Myths and Realities of the George Bush Presidency
 
 
 
By Arnold Kling : 17 Jul 2007 
 
 
 
 
"conservatives are unhappy because the president allied himself with Sen. Edward M. Kennedy (D-Mass.) over an immigration deal that leaned too far toward amnesty for illegal immigrants. They're unhappy because Bush has shown little interest in fiscal responsibility and limited government. And they're unhappy, above all, because he hasn't won the war in Iraq."
--Byron York
Near the end of his shows, humorist Mort Sahl used to ask, "Is there anyone I haven't offended yet?" These days, I find myself asking the same question about President Bush. Economic libertarians gripe about high government spending. The "base" was offended by his handling of the immigration issue. The left is offended by every step he takes and every move he makes.
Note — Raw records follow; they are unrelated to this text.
lemma abs_quad_error_le_L2_set:
  fixes f r :: "'a \<Rightarrow> real" and \<psi> :: "nat \<Rightarrow> 'a \<Rightarrow> real"
  assumes w: "w \<in> prob_simplex N" and x: "\<And>i. i < N \<Longrightarrow> x i \<in> space M"
    and \<psi>_integrable: "\<And>j. j \<le> d \<Longrightarrow> integrable M (\<psi> j)"
    and \<psi>_nonneg: "\<And>y. y \<in> space M \<Longrightarrow> 0 \<le> \<psi> d y"
    and f_eq: "\<And>y. y \<in> space M \<Longrightarrow> f y = (\<Sum>j<d. a j * \<psi> j y) + r y"
    and r_measurable: "r \<in> borel_measurable M"
    and r_le: "\<And>y. y \<in> space M \<Longrightarrow> \<bar>r y\<bar> \<le> \<beta> * \<psi> d y"
    and \<beta>_nonneg: "0 \<le> \<beta>" and coeffs: "\<beta>\<^sup>2 + (\<Sum>j<d. (a j)\<^sup>2) \<le> 1"
  shows "\<bar>quad_error M N w x f\<bar>
    \<le> 2 * (\<integral>y. \<psi> d y \<partial>M) + L2_set (\<lambda>j. quad_error M N w x (\<psi> j)) {..d}"
proof -
  let ?E = "quad_error M N w x"
  have r_integrable: "integrable M r"
  proof (rule Bochner_Integration.integrable_bound)
    show "integrable M (\<lambda>y. \<beta> * \<psi> d y)" using \<psi>_integrable[of d] by simp
    show "AE y in M. norm (r y) \<le> norm (\<beta> * \<psi> d y)"
      using r_le by (intro AE_I2) (metis abs_ge_self order_trans real_norm_def)
  qed (rule r_measurable)
  have E_f: "?E f = (\<Sum>j<d. a j * ?E (\<psi> j)) + ?E r"
    using x \<psi>_integrable r_integrable f_eq by (intro quad_error_linear_combination) auto
  \<comment> \<open>The error on the remainder is absorbed into the last coordinate of the error vector.\<close>
  have E_r: "\<bar>?E r\<bar> \<le> \<beta> * (2 * (\<integral>y. \<psi> d y \<partial>M) - ?E (\<psi> d))"
    using w x r_integrable \<psi>_integrable[OF order_refl] r_le by (rule abs_quad_error_le)
  have "\<beta>\<^sup>2 \<le> 1" using coeffs sum_nonneg[of "{..<d}" "\<lambda>j. (a j)\<^sup>2"] by simp
  then have "\<beta> * (\<integral>y. \<psi> d y \<partial>M) \<le> (\<integral>y. \<psi> d y \<partial>M)"
    using \<beta>_nonneg \<psi>_nonneg by (intro mult_left_le_one_le integral_nonneg) (auto simp: power_le_one_iff)
  moreover have "- (\<beta> * ?E (\<psi> d)) \<le> \<beta> * \<bar>?E (\<psi> d)\<bar>"
    using mult_left_mono[OF abs_ge_minus_self \<beta>_nonneg] by simp
  moreover have "\<bar>\<Sum>j<d. a j * ?E (\<psi> j)\<bar> + \<beta> * \<bar>?E (\<psi> d)\<bar> \<le> L2_set (\<lambda>j. ?E (\<psi> j)) {..d}"
  proof -
    have "\<bar>\<Sum>j<d. a j * ?E (\<psi> j)\<bar> + \<beta> * \<bar>?E (\<psi> d)\<bar>
        \<le> sqrt (\<beta>\<^sup>2 + (\<Sum>j<d. (a j)\<^sup>2)) * L2_set (\<lambda>j. ?E (\<psi> j)) {..d}"
      using abs_sum_mult_le_L2_set[where a=a and b="\<lambda>j. ?E (\<psi> j)" and c=\<beta> and d=d] \<beta>_nonneg
      by simp
    also have "\<dots> \<le> L2_set (\<lambda>j. ?E (\<psi> j)) {..d}"
      using coeffs by (intro mult_left_le_one_le L2_set_nonneg) (simp_all add: sum_nonneg)
    finally show ?thesis .
  qed
  ultimately show ?thesis
    using E_f E_r abs_triangle_ineq[of "\<Sum>j<d. a j * ?E (\<psi> j)" "?E r"] by (simp add: algebra_simps)
qed

locale Mercer_expansion = prob_space M
  for M :: "'a measure" +
  fixes Phi :: "'a \<Rightarrow> 'h::{real_inner,complete_space}"
    and \<kappa> :: real
    and \<sigma> :: "nat \<Rightarrow> real"
    and e :: "nat \<Rightarrow> 'a \<Rightarrow> real"
  assumes norm_Phi_le: "\<And>y. y \<in> space M \<Longrightarrow> norm (Phi y) \<le> \<kappa>"
    and e_measurable [measurable]: "\<And>j. e j \<in> borel_measurable M"
    and e_square_integrable: "\<And>j. integrable M (\<lambda>y. (e j y)\<^sup>2)"
    and e_orthonormal: "\<And>i j. (\<integral>y. e i y * e j y \<partial>M) = (if i = j then 1 else 0)"
    and \<sigma>_nonneg: "\<And>j. 0 \<le> \<sigma> j"
    and Mercer_sums: "\<And>y z. y \<in> space M \<Longrightarrow> z \<in> space M \<Longrightarrow>
      (\<lambda>j. \<sigma> j * e j y * e j z) sums (Phi y \<bullet> Phi z)"
begin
As I listen to people discuss the Presidency of George Bush, I find myself hearing the same things over and over. He has been too ideological, too closed-minded, too partisan, and too incompetent, resulting in a disastrous Presidency. I am not sure that this analysis will survive a more sober, detached perspective. Later in this essay, I will spell out what I see as the myths embedded in the conventional wisdom.

George Bush and Me
I have never felt comfortable with George Bush. I voted for Al Gore--although I never felt comfortable with him, either. I felt even less comfortable with John Kerry, so that I voted for Bush in 2004.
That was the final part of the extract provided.